# Wife work week cut from 3 days to 2 - can she claim JSB ?



## SemperFi (23 Feb 2010)

Wife has worked at place non-stop for > 10 years, in the last couple of years she went from a 5 day to 3 day week (reared kids). 

Not long after a  hefty pay cut all staff were then told  they have to cut 1 work day as the business is not doing well. So now she will only be able to work 2 days and not 3.

Can she qualify for JSB on these grounds ? And if so would that be €196 / 6  per week ?
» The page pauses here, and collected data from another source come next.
lemma isometry_inv_into:
  assumes L: "isometry n1 q1 q1' n2 q2 q2' L"
  shows "isometry n2 q2 q2' n1 q1 q1' (inv_into (vecs n1) L)"
proof -
  let ?M = "inv_into (vecs n1) L"
  note L = isometryD[OF L]
  have inv_in: "?M y \<in> vecs n1" if "y \<in> vecs n2" for y
    using that L(2) by (metis bij_betw_imp_surj_on inv_into_into)
  have L_inv: "L (?M y) = y" if "y \<in> vecs n2" for y
    using that L(2) by (simp add: bij_betw_inv_into_right)
  have inv_L: "?M (L x) = x" if "x \<in> vecs n1" for x
    using that L(2) by (simp add: bij_betw_inv_into_left)
  have "q2' (dual_map n2 n1 ?M f) = q1' f" if f: "f \<in> vecs n1" for f
  proof -
    have "dual_map n1 n2 L (dual_map n2 n1 ?M f) = dual_map n1 n1 (?M \<circ> L) f"
      using L(3) by (simp add: dual_map_comp[symmetric] linear_on_inv_into[OF L(1,2)]
          image_subset_iff)
    also have "\<dots> = f"
      using dual_map_cong[of n1 "?M \<circ> L" id n1] inv_L dual_map_id[OF f] by simp
    finally show ?thesis
      using L(5)[of "dual_map n2 n1 ?M f"] by simp
  qed
  moreover have "q1 (?M y) = q2 y" if "y \<in> vecs n2" for y
    using L(4)[OF inv_in[OF that]] L_inv[OF that] by simp
  ultimately show ?thesis
    unfolding isometry_def using linear_on_inv_into[OF L(1,2)] bij_betw_inv_into[OF L(2)] by blast
qed

lemma isometry_comp:
  assumes L1: "isometry n1 q1 q1' n2 q2 q2' L1" and L2: "isometry n2 q2 q2' n3 q3 q3' L2"
  shows "isometry n1 q1 q1' n3 q3 q3' (L2 \<circ> L1)"
proof -
  note L1 = isometryD[OF L1] and L2 = isometryD[OF L2]
  have img: "L1 ` vecs n1 \<subseteq> vecs n2"
    using L1(3) by blast
  have "q3 ((L2 \<circ> L1) x) = q1 x" if "x \<in> vecs n1" for x
    using that L1(3,4) L2(4) by simp
  moreover have "q1' (dual_map n1 n3 (L2 \<circ> L1) g) = q3' g" if "g \<in> vecs n3" for g
    using that L1(5)[OF dual_map_in_vecs] L2(5) by (simp add: dual_map_comp[OF L2(1) img])
  ultimately show ?thesis
    unfolding isometry_def
    using linear_on_comp[OF L1(1) L2(1) img] bij_betw_trans[OF L1(2) L2(2)] by blast
qed

lemma isometric_eqI:
  assumes "\<And>x. x \<in> vecs n \<Longrightarrow> q2 x = q1 x" "\<And>g. g \<in> vecs n \<Longrightarrow> q2' g = q1' g"
  shows "isometric (n, q1, q1') (n, q2, q2')"
proof -
  have "isometry n q1 q1' n q2 q2' id"
    unfolding isometry_def linear_on_def by (simp add: assms dual_map_id)
  then show ?thesis
    unfolding isometric_iff_isometry by blast
qed

lemma isometric_refl: "isometric S S"
  by (cases S) (auto intro: isometric_eqI)

lemma isometric_sym:
  assumes "isometric S T"
  shows "isometric T S"
proof -
  obtain n1 q1 q1' n2 q2 q2' where "S = (n1, q1, q1')" "T = (n2, q2, q2')"
    by (cases S, cases T) blast
  with assms isometry_inv_into show ?thesis
    by (simp add: isometric_iff_isometry) blast
qed

lemma isometric_trans:
  assumes "isometric S T" "isometric T U"
  shows "isometric S U"
proof -
  obtain n1 q1 q1' n2 q2 q2' n3 q3 q3' where
    "S = (n1, q1, q1')" "T = (n2, q2, q2')" "U = (n3, q3, q3')"
    by (cases S, cases T, cases U) blast
  with assms isometry_comp show ?thesis
    by (simp add: isometric_iff_isometry) blast
qed

lemma orth_sum_Pair:
  "orth_sum (n1, q1, q1') (n2, q2, q2') =
    (n1 + n2, \<lambda>x. q1 (first_part n1 x) + q2 (second_part n1 x),
      \<lambda>f. q1' (first_part n1 f) + q2' (second_part n1 f))"
  by (simp add: orth_sum_def)

definition join :: "nat \<Rightarrow> 'a vec \<Rightarrow> 'a vec \<Rightarrow> 'a vec" where
  "join n a b = (\<lambda>i. if i < n then a i else b (i - n))"

lemma join_in_vecs: "(b::'a::zero vec) \<in> vecs k \<Longrightarrow> join n a b \<in> vecs (n + k)"
  by (simp add: join_def vecs_def)

lemma first_part_join: "(a::'a::zero vec) \<in> vecs n \<Longrightarrow> first_part n (join n a b) = a"
  by (simp add: join_def vecs_def fun_eq_iff first_part_apply)

lemma second_part_join: "second_part n (join n a b) = b"
  by (simp add: join_def fun_eq_iff second_part_apply)

lemma join_first_part_second_part: "join n (first_part n x) (second_part n x) = (x::'a::zero vec)"
  by (simp add: join_def fun_eq_iff second_part_apply first_part_apply)

lemma join_vadd: "join n (vadd a b) (vadd c d) = vadd (join n a c) (join n b (d::'a::field vec))"
  by (simp add: join_def fun_eq_iff vadd_apply)

lemma join_smul: "join n (smul t a) (smul t c) = smul t (join n a (c::'a::field vec))"
  by (simp add: join_def fun_eq_iff smul_apply)

lemma pairing_join:
  "pairing (n + k) g (join n a b) = pairing n g a + pairing k (second_part n g) (b::'a::field vec)"
proof (induction k)
  case 0
  show ?case
    by (simp add: pairing_def join_def)
next
  case (Suc k)
  then show ?case
    using pairing_Suc[of "n + k"] by (simp add: pairing_Suc join_def second_part_apply add.commute)
qed

definition orth_sum_map :: "nat \<Rightarrow> nat \<Rightarrow> ('a vec \<Rightarrow> 'a vec) \<Rightarrow> 'a::zero vec \<Rightarrow> 'a vec" where
  "orth_sum_map n1 n2 L x = join n2 (L (first_part n1 x)) (second_part n1 x)"

context
  fixes L :: "'a::field vec \<Rightarrow> 'a vec" and n1 n2 :: nat
  assumes L_into: "\<And>x. x \<in> vecs n1 \<Longrightarrow> L x \<in> vecs n2"
begin

lemma first_part_orth_sum_map: "first_part n2 (orth_sum_map n1 n2 L x) = L (first_part n1 x)"
  by (simp add: orth_sum_map_def first_part_join L_into)

lemma second_part_orth_sum_map: "second_part n2 (orth_sum_map n1 n2 L x) = second_part n1 x"
  by (simp add: orth_sum_map_def second_part_join)

lemma orth_sum_map_in_vecs: "x \<in> vecs (n1 + k) \<Longrightarrow> orth_sum_map n1 n2 L x \<in> vecs (n2 + k)"
  unfolding orth_sum_map_def by (rule join_in_vecs[OF second_part_in_vecs])

lemma linear_on_orth_sum_map: "linear_on n1 L \<Longrightarrow> linear_on (n1 + k) (orth_sum_map n1 n2 L)"
  by (simp add: linear_on_def orth_sum_map_def first_part_vadd second_part_vadd first_part_smul
      second_part_smul linear_on_vadd linear_on_smul join_vadd join_smul)

lemma dual_map_orth_sum_map:
  assumes lin: "linear_on n1 L" and g: "g \<in> vecs (n2 + k)"
  shows "dual_map (n1 + k) (n2 + k) (orth_sum_map n1 n2 L) g =
    join n1 (dual_map n1 n2 L (first_part n2 g)) (second_part n2 g)"
proof (rule vecs_eqI[OF dual_map_in_vecs join_in_vecs[OF second_part_in_vecs[OF g]]])
  fix j
  assume j: "j < n1 + k"
  have "dual_map (n1 + k) (n2 + k) (orth_sum_map n1 n2 L) g j =
      pairing n2 g (L (first_part n1 (unit_vec j))) +
      pairing k (second_part n2 g) (second_part n1 (unit_vec j))"
    using j by (simp add: dual_map_apply orth_sum_map_def pairing_join)
  also have "\<dots> = join n1 (dual_map n1 n2 L (first_part n2 g)) (second_part n2 g) j"
  proof (cases "j < n1")
    case True
    then have fp: "first_part n1 (unit_vec j) = unit_vec j"
      and sp: "second_part n1 (unit_vec j) = zvec"
      by (simp_all add: first_part_of_vecs second_part_of_vecs unit_vec_in_vecs)
    show ?thesis
      using True unfolding fp sp by (simp add: join_def dual_map_apply pairing_commute[of n2 g]
          pairing_commute[of n2 "first_part n2 g"] pairing_first_part_right)
  next
    case False
    then have fp: "first_part n1 (unit_vec j) = zvec"
      and sp: "second_part n1 (unit_vec j) = unit_vec (j - n1)"
      by (auto simp: fun_eq_iff vec_apply_simps unit_vec_apply)
    show ?thesis
      using False j unfolding fp sp
        by (simp add: join_def linear_on_zvec[OF lin] pairing_unit_vec_right second_part_apply)
  qed
  finally show "dual_map (n1 + k) (n2 + k) (orth_sum_map n1 n2 L) g j =
      join n1 (dual_map n1 n2 L (first_part n2 g)) (second_part n2 g) j" .
qed

end

lemma orth_sum_map_inverse:
  assumes "\<And>x. x \<in> vecs n1 \<Longrightarrow> L x \<in> vecs n2" "\<And>x. x \<in> vecs n1 \<Longrightarrow> M (L x) = x"
  shows "orth_sum_map n2 n1 M (orth_sum_map n1 n2 L x) = (x::'a::field vec)"
  using assms by (simp add: orth_sum_map_def first_part_join second_part_join
      join_first_part_second_part)

lemma isometry_orth_sum_map:
  assumes iso: "isometry n1 q1 q1' n2 q2 q2' L"
  shows "isometry (n1 + k) (\<lambda>x. q1 (first_part n1 x) + r (second_part n1 x))
      (\<lambda>f. q1' (first_part n1 f) + r' (second_part n1 f))
    (n2 + k) (\<lambda>x. q2 (first_part n2 x) + r (second_part n2 x))
      (\<lambda>f. q2' (first_part n2 f) + r' (second_part n2 f)) (orth_sum_map n1 n2 L)"
proof -
  let ?M = "inv_into (vecs n1) L"
  note L = isometryD[OF iso] and M = isometryD[OF isometry_inv_into[OF iso]]
  have inv_L: "?M (L x) = x" if "x \<in> vecs n1" for x
    using that L(2) by (simp add: bij_betw_inv_into_left)
  have L_inv: "L (?M y) = y" if "y \<in> vecs n2" for y
    using that L(2) by (simp add: bij_betw_inv_into_right)
  have "bij_betw (orth_sum_map n1 n2 L) (vecs (n1 + k)) (vecs (n2 + k))"
    by (rule bij_betw_byWitness[where f' = "orth_sum_map n2 n1 ?M"])
      (auto simp: orth_sum_map_inverse L(3) M(3) inv_L L_inv
        intro: orth_sum_map_in_vecs[OF L(3)] orth_sum_map_in_vecs[OF M(3)])
  then show ?thesis
    unfolding isometry_def
    by (simp add: linear_on_orth_sum_map L(1,3,4) first_part_orth_sum_map second_part_orth_sum_map
        dual_map_orth_sum_map first_part_join second_part_join L(5))
qed

lemma isometric_orth_sum_left:
  assumes "isometric S1 S2"
  shows "isometric (orth_sum S1 T) (orth_sum S2 T)"
proof -
  obtain n1 q1 q1' n2 q2 q2' k r r' where
    "S1 = (n1, q1, q1')" "S2 = (n2, q2, q2')" "T = (k, r, r')"
    by (cases S1, cases S2, cases T) blast
  with assms isometry_orth_sum_map show ?thesis
    by (simp add: isometric_iff_isometry orth_sum_Pair) blast
qed

section \<open>Existence of the decomposition\<close>

lemma isometric_change_of_basis:
  assumes S: "is_ssqs (n, q, q')" and L: "linear_on n L" and M: "linear_on n M"
    and into: "\<And>x. x \<in> vecs n \<Longrightarrow> L x \<in> vecs n" "\<And>x. x \<in> vecs n \<Longrightarrow> M x \<in> vecs n"
    and inv: "\<And>x. x \<in> vecs n \<Longrightarrow> L (M x) = x" "\<And>x. x \<in> vecs n \<Longrightarrow> M (L x) = x"
  shows "is_ssqs (n, q \<circ> L, q' \<circ> dual_map n n M)"
    and "isometric (n, q, q') (n, q \<circ> L, q' \<circ> dual_map n n M)"
proof -
  have q: "totally_singular n q" and q': "totally_singular n q'"
    using S by (auto simp: is_ssqs_def)
  have "totally_singular n (q \<circ> L)"
    unfolding totally_singular_def
    by (simp add: linear_on_vadd[OF L] linear_on_smul[OF L] into(1)
        totally_singular_add[OF q] totally_singular_smul[OF q])
  moreover have "totally_singular n (q' \<circ> dual_map n n M)"
    unfolding totally_singular_def
    by (simp add: dual_map_vadd dual_map_smul totally_singular_add[OF q']
        totally_singular_smul[OF q'])
  ultimately show "is_ssqs (n, q \<circ> L, q' \<circ> dual_map n n M)"
    by (simp add: is_ssqs_def)
  have "bij_betw M (vecs n) (vecs n)"
    by (rule bij_betw_byWitness[where f' = L]) (use into inv in auto)
  then have "isometry n q q' n (q \<circ> L) (q' \<circ> dual_map n n M) M"
    unfolding isometry_def using M inv by simp
  then show "isometric (n, q, q') (n, q \<circ> L, q' \<circ> dual_map n n M)"
    unfolding isometric_iff_isometry by blast
qed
Many thanks for any replies,

SF


----------



## Welfarite (23 Feb 2010)

Read keypost guide for unemployed


----------



## SemperFi (23 Feb 2010)

Hi, 

Great thread, I knew this already but was still unclear whether it applies to my wife :



Welfarite said:


> More information on loss of employment and redundancy:
> 
> *Loss of employment*
> 
> ...


----------



## Welfarite (23 Feb 2010)

Unclear on which part? Your wife should have claimed when her days were first reduced but can do so now if she is available for full-time work. If not (still rearing kids?), then she can't.


----------



## SemperFi (23 Feb 2010)

Thanks for the reply.

So if she only wants to work a 3 day week and has been cut to 2 does she not therefore qualify ?

Cheers


----------



## Welfarite (24 Feb 2010)

Yeah, unfortunately so. She has to be available for and loking for full-time work to claim JB/JA


----------



## SemperFi (24 Feb 2010)

Thats grand - much appreciated. Cheers.


----------